Dura lo spazio di poche ore il giallo delle “firme che ritornano dal futuro”, come era stato scherzosamente chiamato dal programma Le Iene. E così, dopo un’accurata risposta apparsa sul blog di Beppe Grillo, si trasforma nella classica tempesta in un bicchiere d’acqua quello che poteva rilevarsi come l’ennesimo problema per la giunta di Virginia Raggi. Tanto più che si andava a toccare un nervo scoperto del Movimento 5 Stelle, la raccolta delle firme che già ha causato guai giudiziari a Palermo e Bologna. Ma cosa è accaduto? Tutto parte dalla segnalazione di un consigliere comunale della Lista Marchini a Roma, Alessandro Onorato: secondo il giovane politico l’atto di presentazione della candidatura della futura sindaca, consegnato il 20 aprile scorso all’ufficio elettorale del Comune conterrebbe un falso.
L’errore nella presentazione della lista
Infatti sul documento era possibile leggere l’indicazione del numero delle firme a favore della candidatura, 1.352, già tre giorni prima del “firma day”, giornata in cui sono state effettivamente raccolte. Inoltre quel giorno sarebbero stati utilizzati solo 10 cancellieri, i pubblici ufficiali chiamati ad autenticare le operazioni: ma i banchetti presenti nelle varie zone della Capitale erano 20: possibile controllarli tutti? Intervistati dall’inviato della trasmissione, i due delegati di lista del M5S hanno gettato acqua sul fuoco, ribadendo che i turni di funzionamento delle postazioni sono stati diversificati per permettere i controlli, mentre solo sei hanno fatto orario continuato.

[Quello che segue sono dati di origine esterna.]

lemma unstable_part_decomposition:
  assumes c: "c \<in> range (blinfun_apply (QT t))"
      "T (t + real N) t c = QT (t + real N) (S (t + real N) t z)"
    and y: "\<And>n. y n \<in> range (blinfun_apply (QT t))"
      "\<And>n. T (t + real n + 1) t (y n) = QT (t + real n + 1) (step_gap (t + real n) (S (t + real n) t z))"
  shows "QT t z = c + (\<Sum>n<N. y n)"
proof (rule dichotomy_inj_on_range[OF dT, of t "t + real N"])
  have "QT t (c + (\<Sum>n<N. y n)) = c + (\<Sum>n<N. y n)"
    unfolding blinfun.add_right blinfun.sum_right
    using dichotomy_range_fixed[OF dT c(1)] dichotomy_range_fixed[OF dT y(1)] by simp
  then show "c + (\<Sum>n<N. y n) \<in> range (blinfun_apply (QT t))" by (metis rangeI)
  have "T (t + real N) t (QT t z) = QT (t + real N) (T (t + real N) t z)"
    using dichotomy_proj_comm[OF dT, of t "t + real N" z] by simp
  also have "T (t + real N) t z = S (t + real N) t z +
      (\<Sum>n<N. T (t + real N) (t + real n + 1) (step_gap (t + real n) (S (t + real n) t z)))"
    using diff_telescope[of t N z] by (simp add: algebra_simps)
  also have "QT (t + real N) \<dots> = T (t + real N) t c +
      (\<Sum>n<N. T (t + real N) (t + real n + 1) (QT (t + real n + 1) (step_gap (t + real n) (S (t + real n) t z))))"
    unfolding blinfun.add_right blinfun.sum_right c(2)
    by (intro arg_cong2[where f="(+)"] refl sum.cong dichotomy_proj_comm[OF dT]) auto
  also have "\<dots> = T (t + real N) t (c + (\<Sum>n<N. y n))"
    unfolding y(2)[symmetric] blinfun.add_right blinfun.sum_right
    by (intro arg_cong2[where f="(+)"] refl sum.cong evolution_process_comp_apply[OF T]) auto
  finally show "T (t + real N) t (QT t z) = T (t + real N) t (c + (\<Sum>n<N. y n))" .
qed (auto simp: c)
lemma obtain_level_preserving_bij:
  assumes "\<And>x. countable {i \<in> I. l i = x}" "\<And>x. infinite {i \<in> I. l i = x}"
    and "\<And>x. countable {j \<in> J. l' j = x}" "\<And>x. infinite {j \<in> J. l' j = x}"
  obtains h where "bij_betw h I J" "\<And>i. i \<in> I \<Longrightarrow> l' (h i) = l i"
proof -
  define g where "g x = from_nat_into {j \<in> J. l' j = x} \<circ>
                        inv_into UNIV (from_nat_into {i \<in> I. l i = x})" for x
  have g: "bij_betw (g x) {i \<in> I. l i = x} {j \<in> J. l' j = x}" for x
    unfolding g_def using assms
    by (intro bij_betw_trans[OF bij_betw_inv_into] bij_betw_from_nat_into) auto
  show thesis
  proof
    show "bij_betw (\<lambda>i. g (l i) i) I J" by (rule bij_betw_glue_fibers[OF g])
    show "l' (g (l i) i) = l i" if "i \<in> I" for i
      using g[of "l i"] that unfolding bij_betw_def by blast
  qed
qed

lemma padded_index_level_sets:
  fixes l :: "'a pd_idx \<Rightarrow> ereal"
  assumes "finite X" "\<And>x n. l (Inr (x, n)) = x"
  shows "countable {i \<in> Inl ` X \<union> range Inr. l i = x}"
    and "infinite {i \<in> Inl ` X \<union> range Inr. l i = x}"
proof -
  have "{i \<in> Inl ` X \<union> range Inr. l i = x} \<subseteq> Inl ` X \<union> range (\<lambda>n. Inr (x, n))"
    using assms(2) by auto
  then show "countable {i \<in> Inl ` X \<union> range Inr. l i = x}"
    by (rule countable_subset) (simp add: assms(1) countable_finite)
  have "range (\<lambda>n. Inr (x, n)) \<subseteq> {i \<in> Inl ` X \<union> range Inr. l i = x}"
    using assms(2) by auto
  moreover have "infinite (range (\<lambda>n. Inr (x, n) :: 'a pd_idx))"
    by (rule range_inj_infinite) (auto simp: inj_def)
  ultimately show "infinite {i \<in> Inl ` X \<union> range Inr. l i = x}"
    using infinite_super by blast
qed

Inoltre hanno giustificato la prassi di lasciare in bianco il documento e di compilarlo successivamente, come accaduto a Roma. Ma l’esperto di diritto amministrativo consultato dalle Iene, nonché la Direzione centrale dei Servizi elettorali del ministero dell’Interno non sono stati dello stesso avviso, contestando le spiegazioni fornite dai delegati di lista.
Nessuna conseguenza per la Raggi
Subito è esplosa la polemica politica con diversi esponenti del Partito Democratico che hanno chiesto chiarimenti al M5S e in particolare a Beppe Grillo e Luigi di Maio. Ma è intervenuto il Movimento 5 Stelle di Roma a spiegare che le firme restano valide, in quanto, anche nel caso che l'errore fosse provato, si tratterebbe di un’irregolarità formale su un atto preparato dai delegati di lista.
Inoltre il M5S ha citato la sentenza n. 450/2006 del TAR del Friuli Venezia Giulia, secondo la quale la regolarità delle operazioni elettorali non è messa in dubbio dall’eventualità “che l'autenticazione delle firme dell'atto principale sia precedente a quella delle firme contenute negli atti separati" e che "questa discrasia non è comunque sanzionata dalla legge ". Quindi anche se ci fosse stato un errore formale, la sindaca di Roma sarebbe legittimamente al suo posto.